▶ [WHAT THE TASK REQUIRES]:
Each line below that holds the word "Analysis" counts toward the answer; reply with the total number only.

▶ [DATA FOR THIS EXERCISE]:
::::::::

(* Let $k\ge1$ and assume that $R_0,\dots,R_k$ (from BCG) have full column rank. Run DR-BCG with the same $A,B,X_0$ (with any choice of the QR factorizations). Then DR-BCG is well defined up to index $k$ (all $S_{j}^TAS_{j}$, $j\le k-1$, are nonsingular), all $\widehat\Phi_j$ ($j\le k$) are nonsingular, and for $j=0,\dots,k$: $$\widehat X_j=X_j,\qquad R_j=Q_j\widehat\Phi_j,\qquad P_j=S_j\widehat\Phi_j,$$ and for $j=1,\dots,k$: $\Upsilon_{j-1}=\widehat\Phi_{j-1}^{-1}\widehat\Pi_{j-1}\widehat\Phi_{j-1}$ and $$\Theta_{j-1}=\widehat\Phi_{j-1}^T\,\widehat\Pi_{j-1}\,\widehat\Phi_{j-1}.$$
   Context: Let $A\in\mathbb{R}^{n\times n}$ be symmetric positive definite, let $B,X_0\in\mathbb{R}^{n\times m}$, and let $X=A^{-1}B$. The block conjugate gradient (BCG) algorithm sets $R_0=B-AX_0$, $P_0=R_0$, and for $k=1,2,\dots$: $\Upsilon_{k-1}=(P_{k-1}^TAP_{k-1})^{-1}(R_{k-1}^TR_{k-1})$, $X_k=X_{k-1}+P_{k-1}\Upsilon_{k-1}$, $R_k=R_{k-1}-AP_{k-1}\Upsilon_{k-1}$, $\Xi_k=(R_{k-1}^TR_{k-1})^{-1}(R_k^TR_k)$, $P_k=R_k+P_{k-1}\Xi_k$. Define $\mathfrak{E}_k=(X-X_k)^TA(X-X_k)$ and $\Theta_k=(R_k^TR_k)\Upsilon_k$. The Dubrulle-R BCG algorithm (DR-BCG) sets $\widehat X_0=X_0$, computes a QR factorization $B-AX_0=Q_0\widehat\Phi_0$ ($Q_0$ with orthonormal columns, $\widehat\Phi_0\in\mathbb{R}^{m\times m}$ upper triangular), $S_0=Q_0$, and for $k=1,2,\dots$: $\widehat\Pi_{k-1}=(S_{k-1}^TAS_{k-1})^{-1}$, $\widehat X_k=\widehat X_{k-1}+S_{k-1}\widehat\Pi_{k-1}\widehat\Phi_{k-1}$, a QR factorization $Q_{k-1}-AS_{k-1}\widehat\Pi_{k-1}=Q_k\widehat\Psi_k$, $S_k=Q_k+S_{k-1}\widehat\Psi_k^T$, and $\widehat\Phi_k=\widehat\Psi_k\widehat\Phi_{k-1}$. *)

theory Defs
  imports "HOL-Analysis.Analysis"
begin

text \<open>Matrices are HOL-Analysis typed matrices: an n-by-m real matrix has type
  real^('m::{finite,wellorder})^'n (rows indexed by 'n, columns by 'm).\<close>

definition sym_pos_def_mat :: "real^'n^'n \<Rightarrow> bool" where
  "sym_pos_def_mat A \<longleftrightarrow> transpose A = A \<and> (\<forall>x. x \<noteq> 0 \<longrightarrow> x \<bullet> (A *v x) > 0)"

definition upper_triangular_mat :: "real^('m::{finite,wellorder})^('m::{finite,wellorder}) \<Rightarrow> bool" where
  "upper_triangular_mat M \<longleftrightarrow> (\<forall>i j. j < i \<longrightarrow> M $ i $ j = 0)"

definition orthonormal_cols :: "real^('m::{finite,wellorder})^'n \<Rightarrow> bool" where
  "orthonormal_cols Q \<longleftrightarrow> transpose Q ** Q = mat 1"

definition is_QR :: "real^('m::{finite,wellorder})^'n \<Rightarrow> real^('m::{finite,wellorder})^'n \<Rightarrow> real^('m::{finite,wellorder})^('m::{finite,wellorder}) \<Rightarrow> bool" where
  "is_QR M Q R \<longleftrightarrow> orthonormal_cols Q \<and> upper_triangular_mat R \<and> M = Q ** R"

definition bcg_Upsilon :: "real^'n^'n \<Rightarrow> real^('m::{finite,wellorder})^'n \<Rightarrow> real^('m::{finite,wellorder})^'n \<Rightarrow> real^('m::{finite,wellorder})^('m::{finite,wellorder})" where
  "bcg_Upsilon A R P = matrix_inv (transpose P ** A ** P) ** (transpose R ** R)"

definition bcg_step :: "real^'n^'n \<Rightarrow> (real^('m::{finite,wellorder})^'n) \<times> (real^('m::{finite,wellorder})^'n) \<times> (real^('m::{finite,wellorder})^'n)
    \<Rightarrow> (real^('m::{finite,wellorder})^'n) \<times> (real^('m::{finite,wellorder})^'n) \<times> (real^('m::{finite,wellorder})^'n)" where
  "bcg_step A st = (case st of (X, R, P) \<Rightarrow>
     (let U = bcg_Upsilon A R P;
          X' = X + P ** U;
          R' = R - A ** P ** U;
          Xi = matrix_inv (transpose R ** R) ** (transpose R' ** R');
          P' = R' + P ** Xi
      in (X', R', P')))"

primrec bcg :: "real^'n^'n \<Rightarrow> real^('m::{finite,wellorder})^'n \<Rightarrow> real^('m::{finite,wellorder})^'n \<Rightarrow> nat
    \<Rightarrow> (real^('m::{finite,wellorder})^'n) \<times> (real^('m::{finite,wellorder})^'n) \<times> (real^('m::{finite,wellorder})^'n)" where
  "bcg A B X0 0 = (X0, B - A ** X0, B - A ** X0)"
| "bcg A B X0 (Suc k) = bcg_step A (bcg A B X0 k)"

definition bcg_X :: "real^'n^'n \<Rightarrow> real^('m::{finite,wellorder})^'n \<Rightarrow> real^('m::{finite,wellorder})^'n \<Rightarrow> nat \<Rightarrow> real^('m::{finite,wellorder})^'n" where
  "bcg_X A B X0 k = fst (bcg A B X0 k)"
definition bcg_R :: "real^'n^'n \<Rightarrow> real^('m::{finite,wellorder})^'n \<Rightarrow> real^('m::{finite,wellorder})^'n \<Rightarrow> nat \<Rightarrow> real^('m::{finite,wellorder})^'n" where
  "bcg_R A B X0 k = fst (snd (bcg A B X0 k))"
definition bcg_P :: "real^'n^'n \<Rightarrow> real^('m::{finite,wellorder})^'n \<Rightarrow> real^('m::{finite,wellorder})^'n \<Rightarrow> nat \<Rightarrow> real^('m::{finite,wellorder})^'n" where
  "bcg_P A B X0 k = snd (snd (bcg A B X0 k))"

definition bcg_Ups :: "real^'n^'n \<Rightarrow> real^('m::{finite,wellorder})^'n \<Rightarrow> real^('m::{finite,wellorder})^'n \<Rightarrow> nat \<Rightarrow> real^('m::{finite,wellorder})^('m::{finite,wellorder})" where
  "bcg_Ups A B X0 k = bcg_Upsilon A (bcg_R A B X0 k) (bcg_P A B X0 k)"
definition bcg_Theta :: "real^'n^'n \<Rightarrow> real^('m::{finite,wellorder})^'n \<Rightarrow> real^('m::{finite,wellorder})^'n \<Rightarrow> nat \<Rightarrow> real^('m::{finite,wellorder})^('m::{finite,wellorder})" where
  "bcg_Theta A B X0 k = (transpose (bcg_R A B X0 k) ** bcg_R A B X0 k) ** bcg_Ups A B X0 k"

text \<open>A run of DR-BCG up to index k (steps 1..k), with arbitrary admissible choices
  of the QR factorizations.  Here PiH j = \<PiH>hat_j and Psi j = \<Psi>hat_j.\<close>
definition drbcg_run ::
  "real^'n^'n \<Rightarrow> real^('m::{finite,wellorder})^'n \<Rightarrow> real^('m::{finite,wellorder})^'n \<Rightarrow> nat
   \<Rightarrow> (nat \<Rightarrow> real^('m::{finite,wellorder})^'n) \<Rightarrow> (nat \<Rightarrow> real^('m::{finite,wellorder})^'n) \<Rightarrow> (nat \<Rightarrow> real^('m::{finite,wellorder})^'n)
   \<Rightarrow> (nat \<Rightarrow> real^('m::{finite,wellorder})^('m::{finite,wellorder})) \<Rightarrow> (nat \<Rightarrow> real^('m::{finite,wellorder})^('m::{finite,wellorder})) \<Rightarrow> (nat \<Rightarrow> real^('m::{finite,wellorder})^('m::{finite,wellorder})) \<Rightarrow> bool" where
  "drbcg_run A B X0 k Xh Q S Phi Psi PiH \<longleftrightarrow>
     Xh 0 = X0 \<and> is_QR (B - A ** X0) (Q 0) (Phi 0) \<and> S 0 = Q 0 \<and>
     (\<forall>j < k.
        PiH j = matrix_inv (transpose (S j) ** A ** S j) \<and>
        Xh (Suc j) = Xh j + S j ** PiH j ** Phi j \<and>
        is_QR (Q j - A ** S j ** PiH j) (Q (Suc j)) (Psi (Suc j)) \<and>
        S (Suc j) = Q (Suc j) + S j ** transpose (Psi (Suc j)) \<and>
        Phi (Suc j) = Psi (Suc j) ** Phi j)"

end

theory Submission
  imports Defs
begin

::::::::

▶ [RESPONSE BELOW]:
2